Sidewalks of New York

One of those days when the moon is perfectly visible in an empty blue sky. It’s unseasonably warm for February in New York. Riding the train along the Harlem River, I finished the last pages of Seeing Is Forgetting the Name of the Thing One Sees, a stunning book dedicated to the artist Robert Irwin’s singleminded quest to understand awareness and presence. Of attending to the world. Asked in 2008 if technology will enhance our sense of perception, he responded: “The point is to get people to peel those visors off their faces, to remove the goggles, to abandon the screens. Those whose very purpose is to screen the world out. Who cares about virtuality when there’s all this reality—this incredible, inexhaustible, insatiable, astonishing reality—present all around!”
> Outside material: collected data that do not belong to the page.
(* Let $G$ be a finite simple graph with vertices in $\mathbb{N}$ and let $G_1,\ldots,G_m$ be its connected components. Then the independence complex $\Delta(G)$ is sortable if and only if each $\Delta(G_r)$, $r=1,\dots,m$, is sortable.
   Context: The independence complex $\Delta(G)$ of a graph $G$ is the simplicial complex of all independent sets of vertices of $G$ (sets containing no edge). For finite $F,G\subset\mathbb{N}$ with $|F|=r,|G|=s$, write $\mathbf{x}^F\mathbf{x}^G=x_{i_1}\cdots x_{i_{r+s}}$ with $i_1\le\cdots\le i_{r+s}$ (where $\mathbf{x}^F=\prod_{i\in F}x_i$) and set $\mathrm{sort}(F,G)=(\{i_k:k\text{ odd}\},\{i_k:k\text{ even}\})$. A simplicial complex $\Delta$ with $V(\Delta)\subset\mathbb{N}$ is sortable with respect to the given labeling if $\mathrm{sort}(F,G)\in\Delta\times\Delta$ for all $F,G\in\Delta$; it is sortable if it is sortable with respect to some labeling of its vertices by distinct integers. *)

theory Defs
  imports Main
begin

definition simple_graph :: "nat set \<Rightarrow> nat set set \<Rightarrow> bool" where
  "simple_graph V E \<longleftrightarrow> finite V \<and> (\<forall>e\<in>E. e \<subseteq> V \<and> card e = 2)"

definition indep_complex :: "nat set \<Rightarrow> nat set set \<Rightarrow> nat set set" where
  "indep_complex V E = {F. F \<subseteq> V \<and> (\<forall>e\<in>E. \<not> e \<subseteq> F)}"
His enthusiasm is infectious. Walking down street tonight, I find myself paying closer attention to shadow and light, reminding myself that yes, this is plenty. This is more than enough.

Meanwhile in Iowa, the first caucus is underway for the 2020 election. Citizens clump together in the corners of gymnasiums and cafeterias, waving signs for their favorite candidate while reporters explain the byzantine logic for assigning delegates. It’s a portrait of American democracy: needlessly complicated spectacle, even in a recreation center in Des Moines. The television babbles through the night about “the viability threshold” and “the realignment procedure” like some kind of bad science fiction.

Each night in 2020, I wrote a short post for a series called Notes From the End of a World because I wanted to etch these days into my memory. Before the world changed completely.